Praticamente quasi tutto da Roma in su. Nel governo di unità nazionale chiamato a rimettere in piedi il Paese non ci sono siciliani. Un dato in controtendenza. Nella compagine gloriosa che dovrà costruire sulle macerie del post-berlusconismo, non ce n’è uno che parli palermitano, catanese, messinese, siracusano. Non c’è il dialetto di Lentini. Mancano gli avverbi di Siculiana. Cercate un carrapipano? Invano. Non c’è.
Sarebbe comodo adesso impugnare la Durlindana del regionalismo e protestare perchè nessun isolano è stato convocato in Nazionale. Sarebbe più semplice lanciare strali contro l’austera figura del professore Monti, secondo l’abusata tiritera: la pistola fumante dei banchieri, il manutengolo delle corporazioni fortissime, il cavallo di Troia di coloro che vorrebbero l’Italia in schiavitù (ma in ceppi siamo bravissimi a metterci da soli).

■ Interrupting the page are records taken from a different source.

lemma topspace_total_nat:
  "x \<in> topspace (ctop K (int m)) \<longleftrightarrow> (\<forall>p\<le>m. x p \<in> topspace (T p (m - p))) \<and> (\<forall>p>m. x p = 0)"
proof -
  have "x \<in> topspace (ctop K (int m)) \<longleftrightarrow> (\<forall>p. x p \<in> topspace (component_top (int m) p))"
    by (simp add: ctop_total PiE_UNIV_domain Pi_iff)
  also have "\<dots> \<longleftrightarrow> (\<forall>p. (p \<le> m \<longrightarrow> x p \<in> topspace (T p (m - p))) \<and> (m < p \<longrightarrow> x p = 0))"
  proof (rule iff_allI)
    fix p
    show "x p \<in> topspace (component_top (int m) p)
        \<longleftrightarrow> (p \<le> m \<longrightarrow> x p \<in> topspace (T p (m - p))) \<and> (m < p \<longrightarrow> x p = 0)"
      by (cases "p \<le> m") (simp_all add: component_top_nat)
  qed
  finally show ?thesis
    by blast
qed

lemma topspace_total_neg:
  assumes "n < 0"
  shows "topspace (ctop K n) = {0}"
proof -
  have "component_top n p = discrete_topology {0}" for p
    using assms by (simp add: component_top_def)
  then have "topspace (ctop K n) = {\<lambda>p\<in>UNIV. 0}"
    by (simp add: ctop_total)
  also have "\<dots> = {0}"
    by (simp add: fun_eq_iff)
  finally show ?thesis .
qed

lemma total_component:
  assumes "x \<in> topspace (ctop K (int m))"
  shows "x p \<in> topspace (T p (m - p))"
proof (cases "p \<le> m")
  case True
  then show ?thesis
    using assms by (simp add: topspace_total_nat)
next
  case False
  then have "x p = 0"
    using assms by (simp add: topspace_total_nat)
  then show ?thesis
    using ab_topgroup_zero[OF ab_topgroup_T] by simp
qed

lemma cdiff_total_0:
  "cdiff K (int m) x 0 = d'' 0 m (x 0)"
  by (simp add: total_complex_def)

lemma cdiff_total_Suc:
  assumes x: "x \<in> topspace (ctop K (int m))"
  shows "cdiff K (int m) x (Suc p) = d' p (m - p) (x p) + d'' (Suc p) (m - Suc p) (x (Suc p))"
proof -
  have "nat (int m + 1 - int (Suc p)) = m - p" "nat (int m - int (Suc p)) = m - Suc p"
    by simp_all
  then have D: "cdiff K (int m) x (Suc p) = (if p \<le> m then d' p (m - p) (x p)
      + (if Suc p \<le> m then d'' (Suc p) (m - Suc p) (x (Suc p)) else 0) else 0)"
    by (simp add: total_complex_def)
  consider "Suc p \<le> m" | "p = m" | "m < p"
    by linarith
  then show ?thesis
  proof cases
    case 1
    then show ?thesis by (simp add: D)
  next
    case 2
    then show ?thesis unfolding D using x by (simp add: topspace_total_nat)
  next
    case 3
    then show ?thesis unfolding D using x by (simp add: topspace_total_nat)
  qed
qed

lemma cdiff_total_zero: "cdiff K n 0 = 0"
  by (simp add: total_complex_def fun_eq_iff)

lemma continuous_map_total_component:
  "continuous_map (ctop K (int m)) (T p (m - p)) (\<lambda>x. x p)"
proof (cases "p \<le> m")
  case True
  have "continuous_map (ctop K (int m)) (component_top (int m) p) (\<lambda>x. x p)"
    unfolding ctop_total by (rule continuous_map_product_projection) simp
  with True show ?thesis
    by (simp add: component_top_nat)
next
  case False
  have "continuous_map (ctop K (int m)) (T p (m - p)) (\<lambda>x. 0)"
    using ab_topgroup_zero[OF ab_topgroup_T] by simp
  then show ?thesis
    by (rule continuous_map_eq) (use False in \<open>simp add: topspace_total_nat\<close>)
qed

lemma continuous_map_cdiff_total_component:
  "continuous_map (ctop K (int m)) (component_top (int (Suc m)) k) (\<lambda>x. cdiff K (int m) x k)"
proof (cases k)
  case 0
  have "continuous_map (ctop K (int m)) (T 0 (Suc m)) (\<lambda>x. d'' 0 m (x 0))"
    using continuous_map_compose[OF continuous_map_total_component continuous_map_d'', of m 0]
    by (simp add: o_def)
  with 0 show ?thesis
    unfolding component_top_nat by (simp add: cdiff_total_0)
next
  case (Suc p)
  have d'_part: "continuous_map (ctop K (int m)) (T (Suc p) (m - p)) (\<lambda>x. d' p (m - p) (x p))"
    using continuous_map_compose[OF continuous_map_total_component continuous_map_d', of m p]
    by (simp add: o_def)
  consider "p < m" | "p = m" | "m < p"
    by linarith
  then show ?thesis
  proof cases
    case 1
    then have "continuous_map (ctop K (int m)) (T (Suc p) (m - p))
        (\<lambda>x. d'' (Suc p) (m - Suc p) (x (Suc p)))"
      using continuous_map_compose[OF continuous_map_total_component continuous_map_d'', of m "Suc p"]
      by (simp add: o_def Suc_diff_Suc)
    with d'_part have "continuous_map (ctop K (int m)) (T (Suc p) (m - p))
        (\<lambda>x. d' p (m - p) (x p) + d'' (Suc p) (m - Suc p) (x (Suc p)))"
      by (rule continuous_map_ab_topgroup_add[OF ab_topgroup_T])
    then show ?thesis
      unfolding Suc component_top_Suc using 1
      by (auto simp: cdiff_total_Suc elim!: continuous_map_eq)
  next
    case 2
    then show ?thesis
      unfolding Suc component_top_Suc using d'_part
      by (auto simp: cdiff_total_Suc topspace_total_nat elim!: continuous_map_eq)
  next
    case 3
    have "continuous_map (ctop K (int m)) (discrete_topology {0}) (\<lambda>x. 0)"
      by simp
    then have "continuous_map (ctop K (int m)) (discrete_topology {0}) (\<lambda>x. cdiff K (int m) x (Suc p))"
      by (rule continuous_map_eq) (use 3 in \<open>simp add: cdiff_total_Suc topspace_total_nat\<close>)
    then show ?thesis
      unfolding Suc component_top_Suc using 3 by simp
  qed
qed

lemma continuous_map_cdiff_total: "continuous_map (ctop K n) (ctop K (n + 1)) (cdiff K n)"
proof (cases "n < 0")
  case True
  have "continuous_map (ctop K n) (ctop K (n + 1)) (\<lambda>x. 0)"
    using ab_topgroup_zero[OF ab_topgroup_total] by simp
  then show ?thesis
    by (rule continuous_map_eq) (use True in \<open>simp add: topspace_total_neg cdiff_total_zero\<close>)
next
  case False
  then obtain m where n: "n = int m"
    by (metis nonneg_int_cases not_less)
  have "continuous_map (ctop K (int m)) (ctop K (int (Suc m))) (cdiff K (int m))"
    unfolding ctop_total[of "int (Suc m)"] continuous_map_componentwise_UNIV
    using continuous_map_cdiff_total_component by blast
  then show ?thesis
    by (simp add: n add.commute)
qed

lemma cdiff_total_closed: "x \<in> topspace (ctop K n) \<Longrightarrow> cdiff K n x \<in> topspace (ctop K (n + 1))"
  using continuous_map_cdiff_total by (auto simp: continuous_map_def Pi_iff)

lemma cdiff_total_add_nat:
  assumes x: "x \<in> topspace (ctop K (int m))" and y: "y \<in> topspace (ctop K (int m))"
  shows "cdiff K (int m) (x + y) = cdiff K (int m) x + cdiff K (int m) y"
proof
  fix k
  have xy: "x + y \<in> topspace (ctop K (int m))"
    using ab_topgroup_add[OF ab_topgroup_total x y] .
  show "cdiff K (int m) (x + y) k = (cdiff K (int m) x + cdiff K (int m) y) k"
  proof (cases k)
    case 0
    then show ?thesis
      using d''_add[OF total_component[OF x, of 0] total_component[OF y, of 0]]
      by (simp add: cdiff_total_0)
  next
    case (Suc p)
    then show ?thesis
      using d'_add[OF total_component[OF x] total_component[OF y]]
        d''_add[OF total_component[OF x] total_component[OF y]]
      by (simp add: cdiff_total_Suc[OF x] cdiff_total_Suc[OF y] cdiff_total_Suc[OF xy] algebra_simps)
  qed
qed

lemma d'_cdiff_total:
  assumes x: "x \<in> topspace (ctop K (int m))" and "p \<le> m"
  shows "d' p (Suc (m - p)) (cdiff K (int m) x p) = d' p (Suc (m - p)) (d'' p (m - p) (x p))"
proof (cases p)
  case 0
  then show ?thesis
    by (simp add: cdiff_total_0)
next
  case (Suc r)
  have xr: "x r \<in> topspace (T r (Suc (m - p)))"
    using total_component[OF x, of r] Suc \<open>p \<le> m\<close> by (simp add: Suc_diff_Suc)
  have "cdiff K (int m) x p = d' r (Suc (m - p)) (x r) + d'' p (m - p) (x p)"
    using cdiff_total_Suc[OF x, of r] Suc \<open>p \<le> m\<close> by (simp add: Suc_diff_Suc)
  moreover have "d' r (Suc (m - p)) (x r) \<in> topspace (T p (Suc (m - p)))"
    using d'_closed[OF xr] Suc by simp
  moreover have "d' p (Suc (m - p)) (d' r (Suc (m - p)) (x r)) = 0"
    using d'_d'[OF xr] Suc by simp
  ultimately show ?thesis
    using d'_add[OF _ d''_closed[OF total_component[OF x, of p]]] by simp
qed

lemma d''_cdiff_total:
  assumes x: "x \<in> topspace (ctop K (int m))" and "p \<le> m"
  shows "d'' (Suc p) (m - p) (cdiff K (int m) x (Suc p)) = d'' (Suc p) (m - p) (d' p (m - p) (x p))"
proof (cases "p = m")
  case True
  then show ?thesis
    using x by (simp add: cdiff_total_Suc topspace_total_nat)
next
  case False
  then have mp: "m - p = Suc (m - Suc p)"
    using \<open>p \<le> m\<close> by simp
  have xp: "x p \<in> topspace (T p (Suc (m - Suc p)))"
    using total_component[OF x, of p] mp by simp
  show ?thesis
    using mp d''_add[OF d'_closed[OF xp] d''_closed[OF total_component[OF x, of "Suc p"]]]
      d''_d''[OF total_component[OF x, of "Suc p"]]
    by (simp add: cdiff_total_Suc[OF x])
qed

Purtroppo il pane duro della cronaca indica una cruda verità complicata da masticare. Non esistono uomini pubblici siciliani all’altezza del gravoso compito che attende l’esecutivo. E – aggiungiamo noi – latitano non tanto gli arguti censori, i servi utili o i tecnocrati competenti. Non ci sono persone che abbiano manifestato il dono di una visione condivisa, densa di sacrifici. Emerge, di riflesso, l’immagine di un potentato siculo bravissimo a farsi i fatti propri, ad amministrare i regni fin qui incontestati. E neanche un ammiraglio con il coraggio del mare aperto. Oggi l’Italia fa a meno di noi siciliani. Ma è soprattutto colpa nostra.